Select the bodies to be included in the simulation. Only the bodies selected will be used for the simulation, even though there are more bodies in the SimLab database. Currently CAD bodies are not supported in the solution, only tessellated/meshed FEM bodies are permitted.


Interaction Scheme
In Solver Settings you can choose whether to use Riemann or Weighted interaction schemes (interactionscheme). Weighted is the default choice and is capable of handling violent and chaotic multiphase flows. Riemann results in smoother pressure gradients and less breakup of sprays and jets but will experience local instabilities with more violent flows.
When using Weighted interaction, Transport Velocity and Free Surface should be set in simulation parameters. Riemann interaction offers some advanced controls, but these should not require adjustment.

Figure 4.
Surface Tension
Choose if surface tension is active (surften_model) and which model to use. By default, surface tension is disabled, since it adds computational cost.
When creating a multiphase simulation, ADAMI should be chosen. This uses a physical value of surface tension coefficient (surf_ten) which can be calculated.
For single-phase simulations, SINGLE_PHASE or TARTAKOVSKY should be chosen. The Tartakovsky model has the advantage in that a physical value of surface tension coefficient (surf_ten) can be calculated and used.

Figure 5.
Note: Surface Tension requires reference curvature (ref_curv) to be set in Domain parameters, along with surface tension coefficient (surf_ten) in Material (phase) parameters.
Specifies whether the Akinci wall adhesion model (adhesion_model) is active. This is used in conjunction with surface tension to define how the fluid interacts with the wall and the contact angle of a fluid droplet on the wall.

Figure 6.
Important: Adhesion Coefficient (adhesionCoeff) must also be set in Material (phase) parameters when using the adhesion model.
Heat Transfer
Activates energy_transport so that the energy equation is solved by nanoFluidX for conduction and convection heat transfer.
Important: When Heat Transfer is used, initial temperature (temp_0), evolve temperature flag (evolve_temp), specific heat capacity of the material (heat_cap) and heat conduction coefficient of the material (heat_cond) should be set in Material (phase) parameters. Heat Transfer and Flux output should also be requested in Results Request.

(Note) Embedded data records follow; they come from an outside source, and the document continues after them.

(* Let $a>0$ and $T>0$. Then for every finite $\Lambda\subset\mathbb Z^2$, every $A\subset\Lambda$ and every $i\in\Lambda\setminus A$, $$\mu^0_{\Lambda\setminus A}(h_i>T+a)\le\mu^0_\Lambda\big(h_i>T\,\big|\,|h_j|\le a\ \forall j\in A\big)\le\mu^0_{\Lambda\setminus A}(h_i>T-a).$$
   Context: Fix an integer $r\ge1$. For each $k\in\mathbb Z^2$ let $\Psi_k:\mathbb R\to\mathbb R$ satisfy: $\Psi_k\equiv0$ if $\|k\|_1>r$; $\Psi_k=\Psi_{-k}$ and $\Psi_k(x)=\Psi_k(-x)$; $\Psi_k$ is $C^2$; $\Psi_k''\ge0$, and there is $c>0$ such that the translation-invariant random walk on $\mathbb Z^2$ with jump rates $P_c(0,j)=1$ if $\Psi_j''(h)\ge c$ for all $h$ and $0$ otherwise is irreducible. For finite $\Lambda\subset\mathbb Z^2$ and $b\in\mathbb R$, $$\mu^b_\Lambda(d\underline h)=\frac1{Z^b_\Lambda}\exp\Big\{-\sum_{\langle ij\rangle\cap\Lambda\neq\emptyset}\Psi_{j-i}(h_i-h_j)\Big\}\prod_{i\in\Lambda}dh_i\prod_{i\notin\Lambda}\delta_b(dh_i),$$ the sum being over pairs of distinct sites with $\|j-i\|_\infty\le r$ meeting $\Lambda$. *)

theory Defs
  imports "HOL-Analysis.Analysis"
begin

type_synonym site = "int \<times> int"
type_synonym config = "site \<Rightarrow> real"

definition norm1 :: "site \<Rightarrow> int" where
  "norm1 k = \<bar>fst k\<bar> + \<bar>snd k\<bar>"

definition norminf :: "site \<Rightarrow> int" where
  "norminf k = max \<bar>fst k\<bar> \<bar>snd k\<bar>"

definition site_diff :: "site \<Rightarrow> site \<Rightarrow> site" where
  "site_diff j i = (fst j - fst i, snd j - snd i)"

definition site_add :: "site \<Rightarrow> site \<Rightarrow> site" where
  "site_add u v = (fst u + fst v, snd u + snd v)"

definition site_neg :: "site \<Rightarrow> site" where
  "site_neg k = (- fst k, - snd k)"

definition C2 :: "(real \<Rightarrow> real) \<Rightarrow> bool" where
  "C2 f \<longleftrightarrow> (\<exists>f' f''. (\<forall>x. (f has_real_derivative f' x) (at x)
       \<and> (f' has_real_derivative f'' x) (at x)) \<and> continuous_on UNIV f'')"

text \<open>Jump set of the random walk P_c: P_c(0,j)=1 iff Psi_j'' >= c everywhere.\<close>
definition jumps :: "(site \<Rightarrow> real \<Rightarrow> real) \<Rightarrow> real \<Rightarrow> site set" where
  "jumps \<Psi> c = {j. \<forall>h. deriv (deriv (\<Psi> j)) h \<ge> c}"

definition irreducible_walk :: "site set \<Rightarrow> bool" where
  "irreducible_walk J \<longleftrightarrow>
     (\<forall>x y. (x, y) \<in> {(u, site_add u j) | u j. j \<in> J}\<^sup>*)"

definition admissible_potential :: "nat \<Rightarrow> (site \<Rightarrow> real \<Rightarrow> real) \<Rightarrow> bool" where
  "admissible_potential r \<Psi> \<longleftrightarrow>
     (\<forall>k. norm1 k > int r \<longrightarrow> (\<forall>x. \<Psi> k x = 0))
   \<and> (\<forall>k. \<Psi> k = \<Psi> (site_neg k))
   \<and> (\<forall>k x. \<Psi> k x = \<Psi> k (- x))
   \<and> (\<forall>k. C2 (\<Psi> k))
   \<and> (\<forall>k x. deriv (deriv (\<Psi> k)) x \<ge> 0)
   \<and> (\<exists>c>0. irreducible_walk (jumps \<Psi> c))"

text \<open>Each unordered pair <ij> appears twice; by the symmetries of Psi both
  orientations give the same term, hence the factor 1/2 in the Hamiltonian.\<close>
definition pairs :: "nat \<Rightarrow> site set \<Rightarrow> (site \<times> site) set" where
  "pairs r \<Lambda> = {(i, j). i \<noteq> j \<and> norminf (site_diff j i) \<le> int r \<and> (i \<in> \<Lambda> \<or> j \<in> \<Lambda>)}"

definition hamiltonian :: "nat \<Rightarrow> (site \<Rightarrow> real \<Rightarrow> real) \<Rightarrow> site set \<Rightarrow> config \<Rightarrow> real" where
  "hamiltonian r \<Psi> \<Lambda> h =
     (1/2) * (\<Sum>(i, j) \<in> pairs r \<Lambda>. \<Psi> (site_diff j i) (h i - h j))"

definition ext_bc :: "real \<Rightarrow> site set \<Rightarrow> config \<Rightarrow> config" where
  "ext_bc b \<Lambda> x = (\<lambda>i. if i \<in> \<Lambda> then x i else b)"

definition part_fun :: "nat \<Rightarrow> (site \<Rightarrow> real \<Rightarrow> real) \<Rightarrow> site set \<Rightarrow> real \<Rightarrow> ennreal" where
  "part_fun r \<Psi> \<Lambda> b =
     (\<integral>\<^sup>+ x. ennreal (exp (- hamiltonian r \<Psi> \<Lambda> (ext_bc b \<Lambda> x))) \<partial>(PiM \<Lambda> (\<lambda>_. lborel)))"

definition gibbs :: "nat \<Rightarrow> (site \<Rightarrow> real \<Rightarrow> real) \<Rightarrow> site set \<Rightarrow> real \<Rightarrow> config measure" where
  "gibbs r \<Psi> \<Lambda> b =
     distr (density (PiM \<Lambda> (\<lambda>_. lborel))
              (\<lambda>x. ennreal (exp (- hamiltonian r \<Psi> \<Lambda> (ext_bc b \<Lambda> x))) / part_fun r \<Psi> \<Lambda> b))
           (PiM UNIV (\<lambda>_. borel)) (ext_bc b \<Lambda>)"

end

(*
  Every pair potential is convex, so the Hamiltonian is submodular for the pointwise order on
  configurations: H(x \<squnion> y) + H(x \<sqinter> y) \<le> H(x) + H(y). Compare mu^0_\<Lambda>( . | |h_A| \<le> a) with the
  measure on R^\<Lambda> that is mu^(-a) on \<Lambda> - A and uniform on the box [-a-1, -a]^A. On the
  supports, the heights on A of the second measure lie below -a, those of the first above it, so
  extending configurations by their boundary values commutes with max and min, and submodularity
  becomes the Holley condition. Holley's inequality, a consequence of the Ahlswede-Daykin four
  functions theorem on R^\<Lambda> (by induction on the number of sites), orders the probabilities of
  the increasing event {h_i > T}; translation invariance of Lebesgue measure and of H identifies
  mu^(-a)(h_i > T) with mu^0(h_i > T + a). The upper bound is the mirror image, with the box
  [a, a+1]^A and boundary value a.

  The partition functions are finite: irreducibility of the walk along uniformly convex bonds gives
  a Poincare inequality, hence a Gaussian lower bound on H.
*)

theory Submission
  imports Defs "HOL-Probability.Probability"
begin

section \<open>Four functions and Holley inequalities on product measures\<close>

lemma add_le_add_of_mult_le_real:
  fixes a b c d :: real
  assumes "0 \<le> a" "0 \<le> b" "0 \<le> d" "a \<le> c" "b \<le> c" "a * b \<le> c * d"
  shows "a + b \<le> c + d"
proof (cases "c = 0")
  case True
  then show ?thesis using assms by auto
next
  case False
  then have "c > 0" using assms by auto
  have "(c - a) * (c - b) \<ge> 0" using assms by auto
  then have "c * (a + b) \<le> c * c + a * b" by (simp add: algebra_simps)
  also have "\<dots> \<le> c * (c + d)" using assms by (simp add: algebra_simps)
  finally show ?thesis using \<open>c > 0\<close> by (simp add: mult_le_cancel_left)
qed

lemma add_le_add_of_mult_le_ennreal:
  fixes a b c d :: ennreal
  assumes "a \<le> c" "b \<le> c" "a * b \<le> c * d"
  shows "a + b \<le> c + d"
proof (cases "c = \<infinity> \<or> d = \<infinity>")
  case True
  then show ?thesis by (auto simp: top_add add_top)
next
  case False
  then obtain c' d' where c: "c = ennreal c'" "0 \<le> c'" and d: "d = ennreal d'" "0 \<le> d'"
    by (cases c; cases d) auto
  obtain a' where a: "a = ennreal a'" "0 \<le> a'"
    using assms(1) c by (cases a) (auto simp: top_unique)
  obtain b' where b: "b = ennreal b'" "0 \<le> b'"
    using assms(2) c by (cases b) (auto simp: top_unique)
  have "a' \<le> c'" "b' \<le> c'" "a' * b' \<le> c' * d'"
    using assms a b c d by (auto simp: ennreal_mult[symmetric])
  then have "a' + b' \<le> c' + d'"
    using add_le_add_of_mult_le_real a b d by blast
  then show ?thesis using a b c d by (simp add: ennreal_plus[symmetric] del: ennreal_plus)
qed

lemma four_functions_real:
  fixes M :: "real measure" and \<alpha> \<beta> \<gamma> \<delta> :: "real \<Rightarrow> ennreal"
  assumes [measurable]: "\<alpha> \<in> borel_measurable M" "\<beta> \<in> borel_measurable M"
    "\<gamma> \<in> borel_measurable M" "\<delta> \<in> borel_measurable M"
  assumes four: "\<And>t s. t \<in> space M \<Longrightarrow> s \<in> space M \<Longrightarrow> \<alpha> t * \<beta> s \<le> \<gamma> (max t s) * \<delta> (min t s)"
  shows "(\<integral>\<^sup>+t. \<alpha> t \<partial>M) * (\<integral>\<^sup>+t. \<beta> t \<partial>M) \<le> (\<integral>\<^sup>+t. \<gamma> t \<partial>M) * (\<integral>\<^sup>+t. \<delta> t \<partial>M)"
proof -
  have ordered: "\<alpha> t * \<beta> s + \<alpha> s * \<beta> t \<le> \<gamma> s * \<delta> t + \<gamma> t * \<delta> s"
    if "t \<in> space M" "s \<in> space M" "t \<le> s" for t s
  proof (rule add_le_add_of_mult_le_ennreal)
    show "\<alpha> t * \<beta> s \<le> \<gamma> s * \<delta> t" using four[of t s] that by (simp add: max_def min_def)
    show "\<alpha> s * \<beta> t \<le> \<gamma> s * \<delta> t" using four[of s t] that by (cases "s = t") (simp_all add: max_def min_def)
    have "\<alpha> t * \<beta> s * (\<alpha> s * \<beta> t) = (\<alpha> t * \<beta> t) * (\<alpha> s * \<beta> s)" by (simp add: ac_simps)
    also have "\<dots> \<le> (\<gamma> t * \<delta> t) * (\<gamma> s * \<delta> s)"
      using four[of t t] four[of s s] that by (intro mult_mono[of "_ * _"]) simp_all
    also have "\<dots> = \<gamma> s * \<delta> t * (\<gamma> t * \<delta> s)" by (simp add: ac_simps)
    finally show "\<alpha> t * \<beta> s * (\<alpha> s * \<beta> t) \<le> \<gamma> s * \<delta> t * (\<gamma> t * \<delta> s)" .
  qed
  have symmetrized: "\<alpha> t * \<beta> s + \<alpha> s * \<beta> t \<le> \<gamma> t * \<delta> s + \<gamma> s * \<delta> t"
    if "t \<in> space M" "s \<in> space M" for t s
    using ordered[OF that] ordered[OF that(2,1)] by (cases "t \<le> s") (simp_all add: ac_simps)
  let ?A = "\<integral>\<^sup>+t. \<alpha> t \<partial>M" and ?B = "\<integral>\<^sup>+t. \<beta> t \<partial>M"
  let ?C = "\<integral>\<^sup>+t. \<gamma> t \<partial>M" and ?D = "\<integral>\<^sup>+t. \<delta> t \<partial>M"
  have "?A * ?B + ?A * ?B = (\<integral>\<^sup>+t. (\<integral>\<^sup>+s. \<alpha> t * \<beta> s + \<alpha> s * \<beta> t \<partial>M) \<partial>M)"
    by (simp add: nn_integral_add nn_integral_cmult nn_integral_multc ac_simps)
  also have "\<dots> \<le> (\<integral>\<^sup>+t. (\<integral>\<^sup>+s. \<gamma> t * \<delta> s + \<gamma> s * \<delta> t \<partial>M) \<partial>M)"
    by (intro nn_integral_mono symmetrized) simp_all
  also have "\<dots> = ?C * ?D + ?C * ?D"
    by (simp add: nn_integral_add nn_integral_cmult nn_integral_multc ac_simps)
  finally show ?thesis unfolding mult_2[symmetric] by (simp add: ennreal_mult_le_mult_iff)
qed

lemma sup_fun_upd: "sup (x(k := t)) (y(k := s)) = (sup x y)(k := max t s)" for x y :: "'a \<Rightarrow> real"
  by (auto simp: fun_eq_iff sup_max)

lemma inf_fun_upd: "inf (x(k := t)) (y(k := s)) = (inf x y)(k := min t s)" for x y :: "'a \<Rightarrow> real"
  by (auto simp: fun_eq_iff inf_min)

lemma sup_in_space_PiM:
  "x \<in> space (PiM I (\<lambda>_. M)) \<Longrightarrow> y \<in> space (PiM I (\<lambda>_. M)) \<Longrightarrow> sup x y \<in> space (PiM I (\<lambda>_. M :: real measure))"
  by (auto simp: space_PiM PiE_def extensional_def sup_max max_def)

lemma inf_in_space_PiM:
  "x \<in> space (PiM I (\<lambda>_. M)) \<Longrightarrow> y \<in> space (PiM I (\<lambda>_. M)) \<Longrightarrow> inf x y \<in> space (PiM I (\<lambda>_. M :: real measure))"
  by (auto simp: space_PiM PiE_def extensional_def inf_min min_def)

lemma borel_measurable_nn_integral_fun_upd:
  assumes "sigma_finite_measure M" "k \<notin> I" "f \<in> borel_measurable (PiM (insert k I) (\<lambda>_. M))"
  shows "(\<lambda>x. \<integral>\<^sup>+t. f (x(k := t)) \<partial>M) \<in> borel_measurable (PiM I (\<lambda>_. M))"
proof -
  have "(\<lambda>p. (fst p)(k := snd p)) \<in> measurable (PiM I (\<lambda>_. M) \<Otimes>\<^sub>M M) (PiM (insert k I) (\<lambda>_. M))"
  proof (rule measurable_PiM_single')
    show "(\<lambda>p. ((fst p)(k := snd p)) j) \<in> measurable (PiM I (\<lambda>_. M) \<Otimes>\<^sub>M M) M" if "j \<in> insert k I" for j
      using that by (cases "j = k") auto
  qed (use assms(2) in \<open>auto simp: space_pair_measure space_PiM PiE_def extensional_def\<close>)
  from measurable_comp[OF this assms(3)]
  have "(\<lambda>(x, t). f (x(k := t))) \<in> borel_measurable (PiM I (\<lambda>_. M) \<Otimes>\<^sub>M M)"
    by (simp add: comp_def case_prod_beta')
  then show ?thesis by (rule sigma_finite_measure.borel_measurable_nn_integral[OF assms(1)])
qed

lemma borel_measurable_fun_upd_line:
  assumes "f \<in> borel_measurable (PiM (insert k I) (\<lambda>_. M))" "x \<in> space (PiM I (\<lambda>_. M))" "k \<notin> I"
  shows "(\<lambda>t. f (x(k := t))) \<in> borel_measurable M"
  using measurable_comp[OF measurable_component_update[OF assms(2,3)] assms(1)] by (simp add: comp_def)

dx sets the particle spacing to be used for the simulation. For guidance on selecting dx, see Particle Resolution - how to decide dx.

Start time (t_begin) is 0 by default. This only needs to be adjusted when running a restart simulation.

End time (t_end) defines the finishing time of the simulation.

Figure 7.
Important: For Vehicle wading, currently there is no check to ensure that the vehicle will reach the end of the channel when using the Moving Vehicle approach. Please ensure that the time is sufficient for the channel and vehicle speed.